Radiocarbon dating suggests that Skara Brae was inhabited for around 600 years, during which time there was rebuilding and modification of the houses and interconnecting passages, and inevitably most of the structures visible today represent the final layout of the village.
Its focus consists of six square or rectangular houses linked by narrow irregular passages, very much an inward-looking complex, with a single isolated building of somewhat different design on the west side of the village.

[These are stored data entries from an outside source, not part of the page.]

(* Let $d\ge2$, $\tau\in(0,1)$, and let $f_0$ be a bounded probability density on $\mathbb{R}^d$ with two bounded continuous partial derivatives on $\mathbb{R}^d$, such that for some $a>0$ the set $U_a:=\{f_{\tau,0}-a\le f_0\le f_{\tau,0}+a\}$ satisfies $\inf_{U_a}\|\nabla f_0\|>0$ and $U_a\subset\beta_\tau^\delta$ for some $\delta>0$, and $\beta_\tau$ is compact. Let $\tilde f$ be another uniformly continuous probability density on $\mathbb{R}^d$ and $\tilde f_\tau:=f_\tau(\tilde f)$. Then there exists a constant $C_1\ge1$ such that for all $\varepsilon>0$ sufficiently small, $|\tilde f_\tau-f_{\tau,0}|\le C_1\varepsilon$ whenever $\|\tilde f-f_0\|_\infty\le\varepsilon$.
   Context: For a density $f$ on $\mathbb{R}^d$, $f_\tau(f):=\inf\{y\ge0:\int f(\boldsymbol x)\mathbf 1_{\{f(\boldsymbol x)\ge y\}}d\boldsymbol x\le1-\tau\}$, and $f_{\tau,0}:=f_\tau(f_0)$; $\beta_\tau:=\{\boldsymbol x:f_0(\boldsymbol x)=f_{\tau,0}\}$; $A^\delta:=\bigcup_{\boldsymbol x\in A}\{\boldsymbol y:\|\boldsymbol y-\boldsymbol x\|\le\delta\}$; $\|\cdot\|_\infty$ is the sup norm. *)

theory Defs
  imports "HOL-Analysis.Analysis"
begin

definition prob_density :: "('a::euclidean_space \<Rightarrow> real) \<Rightarrow> bool" where
  "prob_density f \<longleftrightarrow> f \<in> borel_measurable lborel \<and> (\<forall>x. 0 \<le> f x)
     \<and> integrable lborel f \<and> integral\<^sup>L lborel f = 1"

The evidence of burnt stones and chips of chert found in this building (no. 8) suggests that it was not an ordinary house but a workshop, probably where chert tools were manufactured (chert was used as a substitute for flint, which in Orkney occurs only as relatively small nodules washed up on the shore).
The main group of domestic houses has two remarkable characteristics: embedded in midden, it is virtually subterranean, and the internal design of its housing units has a standard uniformity. Both aspects were deliberate and, assuming that there was no prehistoric equivalent of a modern building contractor at work here, they must indicate a very strong sense of corporate identity amongst the families of this community.
Each house consists of a single room with thick drystone walls surviving in some places as high as 3m. There is a marked contrast between the cramped conditions of the passageways and the equally low and narrow doorways and the spacious and comfortable house-interiors, again a contrast that must have been deliberate and which mirrors the design of contemporary tombs with their low tunnel-like passages and soaring chambers.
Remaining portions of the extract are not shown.